Well you certainly don't do it for the money. That's for sure. I do it for myself. If I wanted to do things for other people I'd find something else which doesn't take so much effort. It fills an intensely deep emotional hole in me. It's a rush you can't really describe. I look at it like a challenge, a rollercoaster ride of ups and downs, an inate desire to create, a chance to play god a little.

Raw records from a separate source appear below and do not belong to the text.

(* For every $B>0$ there is an online algorithm for the online packing problem which, irrevocably assigning each arriving variable $y_i\ge 0$ when it arrives, achieves $\sum_i y_i\ge \mathsf{OPT}/B$ (i.e., it is $1/B$-competitive), changes $y$ (sets some $y_i>0$) in at most $\mathrm{poly}(n,\log B',\log\mathsf{OPT},\log\alpha)$ rounds, and for every packing constraint $j\in[n]$ satisfies $$\sum_{i=1}^m a_{ij}y_i = c_j\cdot O\!\left(\frac{\log n+\log(a^{\max}_j/a^{\min}_j)}{B}\right).$$
   Context: Online packing problem: the LP is $\max \sum_i y_i$ over $y\in\mathbb{R}^m_{\ge 0}$ subject to $A^T y\le c$, where $A=(a_{ij})\in\mathbb{R}^{m\times n}_{\ge0}$ and $c\in\mathbb{R}^n_{>0}$ is known in advance. The variables $y_i$ (columns of $A^T$, i.e. the values $a_{i1},\dots,a_{in}$, at least one positive) arrive one at a time, $m$ possibly unknown; upon arrival $y_i$ is either left at $0$ or irrevocably assigned a positive value. $\mathsf{OPT}$ is the optimal value of the packing LP. $a^{\max}_j=\max_{i\in[m]}a_{ij}$, $a^{\min}_j=\min_{i\in[m]}\{a_{ij}:a_{ij}>0\}$, $\alpha=\max_{j\in[n]}a^{\max}_j/c_j$, and $B'=3\max_{j\in[n]}\ln(2na^{\max}_j/a^{\min}_j+1)$. *)

theory Defs
  imports Complex_Main
begin

text \<open>An instance of the online packing problem: n constraints, m arriving variables,
  matrix A (A i j = a_ij, i < m, j < n), capacities c j (j < n).\<close>

definition valid_instance :: "nat \<Rightarrow> nat \<Rightarrow> (nat \<Rightarrow> nat \<Rightarrow> real) \<Rightarrow> (nat \<Rightarrow> real) \<Rightarrow> bool" where
  "valid_instance n m A c \<longleftrightarrow> n \<ge> 1 \<and> m \<ge> 1 \<and> (\<forall>j<n. c j > 0)
     \<and> (\<forall>i<m. \<forall>j<n. A i j \<ge> 0) \<and> (\<forall>i<m. \<exists>j<n. A i j > 0)"

definition packing_feasible :: "nat \<Rightarrow> nat \<Rightarrow> (nat \<Rightarrow> nat \<Rightarrow> real) \<Rightarrow> (nat \<Rightarrow> real) \<Rightarrow> (nat \<Rightarrow> real) \<Rightarrow> bool" where
  "packing_feasible n m A c y \<longleftrightarrow> (\<forall>i<m. y i \<ge> 0) \<and> (\<forall>j<n. (\<Sum>i<m. A i j * y i) \<le> c j)"

definition OPT :: "nat \<Rightarrow> nat \<Rightarrow> (nat \<Rightarrow> nat \<Rightarrow> real) \<Rightarrow> (nat \<Rightarrow> real) \<Rightarrow> real" where
  "OPT n m A c = Sup {(\<Sum>i<m. y i) | y. packing_feasible n m A c y}"

definition amax :: "nat \<Rightarrow> (nat \<Rightarrow> nat \<Rightarrow> real) \<Rightarrow> nat \<Rightarrow> real" where
  "amax m A j = Max {A i j | i. i < m}"

definition amin :: "nat \<Rightarrow> (nat \<Rightarrow> nat \<Rightarrow> real) \<Rightarrow> nat \<Rightarrow> real" where
  "amin m A j = Min {A i j | i. i < m \<and> A i j > 0}"

definition alpha :: "nat \<Rightarrow> nat \<Rightarrow> (nat \<Rightarrow> nat \<Rightarrow> real) \<Rightarrow> (nat \<Rightarrow> real) \<Rightarrow> real" where
  "alpha n m A c = Max {amax m A j / c j | j. j < n}"

definition Bprime :: "nat \<Rightarrow> nat \<Rightarrow> (nat \<Rightarrow> nat \<Rightarrow> real) \<Rightarrow> real" where
  "Bprime n m A = 3 * Max {ln (2 * real n * amax m A j / amin m A j + 1) | j. j < n}"

text \<open>A deterministic online algorithm receives n, the capacity vector c (as a list of
  length n) and the list of all columns that have arrived so far (each a list of length n,
  the current one last), and returns the value of the current variable. It never sees m,
  and earlier values cannot be revised, since y_i depends only on the first i+1 columns.\<close>
type_synonym online_alg = "nat \<Rightarrow> real list \<Rightarrow> real list list \<Rightarrow> real"

definition run :: "online_alg \<Rightarrow> nat \<Rightarrow> (nat \<Rightarrow> nat \<Rightarrow> real) \<Rightarrow> (nat \<Rightarrow> real) \<Rightarrow> nat \<Rightarrow> real" where
  "run alg n A c i = alg n (map c [0..<n]) (map (\<lambda>k. map (A k) [0..<n]) [0..<Suc i])"

end

theory Submission
  imports Defs
begin

text \<open>The algorithm is a continuous primal-dual scheme for the covering dual
  min sum_j x_j subject to sum_j b_kj x_j >= 1 for all k, where b_kj = a_kj / c_j.
  When variable k arrives and its covering constraint is violated, y_k is raised continuously
  while every x_j grows at rate b_kj (x_j + offset_kj), with offset_kj = 1 / (n max_{l <= k} b_lj),
  until the constraint is covered twice.

  The dual is then feasible and sum_j x_j grows by at most 3 per unit of y_k, so weak duality
  gives OPT <= 3 sum_k y_k. The invariant (exp L_j - 1) offset_kj <= x_j for the normalized
  load L_j = sum_k b_kj y_k, together with b_kj x_j <= 2 after a step touching j, bounds L_j by
  ln (2 n amax_j / amin_j + 1) <= B'/3; so y is feasible up to the factor B'/3.
  Finally, in every active step the coordinate j maximizing b_kj grows by a factor 3/2; it starts
  from at least 1 / (2 n alpha) and never exceeds B' OPT, so each coordinate plays this role
  O(log (n alpha B' OPT)) times. Scaling y by 3 / B gives the theorem.\<close>

lemma ln_three_halves_ge: "1/3 \<le> ln (3/2 :: real)"
  using ln_le_minus_one[of "2/3 :: real"] by (simp add: ln_div)

lemma exp_minus_one_le: "exp u - 1 \<le> u * exp (u::real)"
proof -
  have "(1 - u) * exp u \<le> exp (- u) * exp u"
    using exp_ge_add_one_self[of "- u"] by (intro mult_right_mono) auto
  then show ?thesis by (simp add: exp_minus algebra_simps)
qed

type_synonym rmat = "nat \<Rightarrow> nat \<Rightarrow> real"
type_synonym rvec = "nat \<Rightarrow> real"

definition scaled :: "rmat \<Rightarrow> rvec \<Rightarrow> nat \<Rightarrow> nat \<Rightarrow> real" where
  "scaled A c k j = A k j / c j"

definition scaled_max :: "rmat \<Rightarrow> rvec \<Rightarrow> nat \<Rightarrow> nat \<Rightarrow> real" where
  "scaled_max A c k j = Max ((\<lambda>l. scaled A c l j) ` {..k})"

definition offset :: "nat \<Rightarrow> rmat \<Rightarrow> rvec \<Rightarrow> nat \<Rightarrow> nat \<Rightarrow> real" where
  "offset n A c k j = 1 / (real n * scaled_max A c k j)"

text \<open>The solution at time t of the ODE x_j' = b_kj (x_j + offset_kj) with initial value x_j:
  this is how the dual variables evolve while y_k is being raised to t.\<close>

definition dual_flow :: "nat \<Rightarrow> rmat \<Rightarrow> rvec \<Rightarrow> nat \<Rightarrow> rvec \<Rightarrow> real \<Rightarrow> nat \<Rightarrow> real" where
  "dual_flow n A c k x t j = (x j + offset n A c k j) * exp (scaled A c k j * t) - offset n A c k j"

definition coverage :: "nat \<Rightarrow> rmat \<Rightarrow> rvec \<Rightarrow> nat \<Rightarrow> rvec \<Rightarrow> real \<Rightarrow> real" where
  "coverage n A c k x t = (\<Sum>j<n. scaled A c k j * dual_flow n A c k x t j)"

definition step_length :: "nat \<Rightarrow> rmat \<Rightarrow> rvec \<Rightarrow> nat \<Rightarrow> rvec \<Rightarrow> real" where
  "step_length n A c k x =
     (if coverage n A c k x 0 < 1 then (SOME t. 0 \<le> t \<and> coverage n A c k x t = 2) else 0)"

primrec dual :: "nat \<Rightarrow> rmat \<Rightarrow> rvec \<Rightarrow> nat \<Rightarrow> nat \<Rightarrow> real" where
  "dual n A c 0 = (\<lambda>j. 0)"
| "dual n A c (Suc k) = dual_flow n A c k (dual n A c k) (step_length n A c k (dual n A c k))"

definition primal :: "nat \<Rightarrow> rmat \<Rightarrow> rvec \<Rightarrow> nat \<Rightarrow> real" where
  "primal n A c k = step_length n A c k (dual n A c k)"

definition packing_alg :: "real \<Rightarrow> online_alg" where
  "packing_alg B n cs cols = 3 / B * primal n (\<lambda>l j. cols ! l ! j) (\<lambda>j. cs ! j) (length cols - 1)"

lemma scaled_max_cong:
  assumes "\<forall>l\<le>k. A l j = A' l j" "c j = c' j"
  shows "scaled_max A c k j = scaled_max A' c' k j"
  unfolding scaled_max_def scaled_def using assms by (intro arg_cong[where f = Max] image_cong) auto

lemma dual_flow_cong:
  assumes "\<forall>l\<le>k. \<forall>j<n. A l j = A' l j" "\<forall>j<n. c j = c' j" "\<forall>j<n. x j = x' j" "j < n"
  shows "dual_flow n A c k x t j = dual_flow n A' c' k x' t j"
  using assms scaled_max_cong[of k A j A' c c'] by (simp add: dual_flow_def offset_def scaled_def)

A friend of mine compares being a chef to being a priest. It's a vocation, and it's hard to leave. Even if you physically leave the kitchen, the feeling remains for life. This is the life we choose. Like Michael Corleone says... everytime I try to leave, they pull me back in again.

Kuan


----------



## ironchefatl (Dec 1, 2002)

Well I would like to slightly re-phrase my earlier statement. If nobody else cared how well I did my job, I would still do my best for myself. I get alot of personal satisfaction from making good food. I believe more satisfaction than the people eating it. It's sometimes hard for me to be proud of the place I work now. When we get "busy", the others I work with and I don't have the same definition of busy, the chef and sous chef take alot of quality comprimising short-cuts. I try my best to make a tasty demi from a bitter speckled veal stock. This experience has shown me that some people just don't have a good attention to detail. Maybe they don't get satisfaction from striving to do better everyday. I would like to say if you don't have time do it right all the time, find another career.


----------



## chef1x (Dec 4, 2002)

Oh my, what a bunch of narcissists!  

Are you saying you ONLY do it for yourself???

I realize it would depend on the situation. I was fortunate to be in charge of a crew of 15 to 20, and we all pretty much got along and had the same goals. There wasn't a lot of corner cutting. The owner didn't really care what happened. I wasn't doing for it for him.

I once left a place because the chef insisted that I cook pasta until it was completely soft; and I was grateful I was financially able to leave. I certainly wasn't doing it for him.

I can imagine where and why you are only doing it for yourself, but really, Kuan, there's no other reason?

I agree, that it would be hard to leave, it is obviously your calling, therefore you have a responsibility to others and to yourself to SHARE.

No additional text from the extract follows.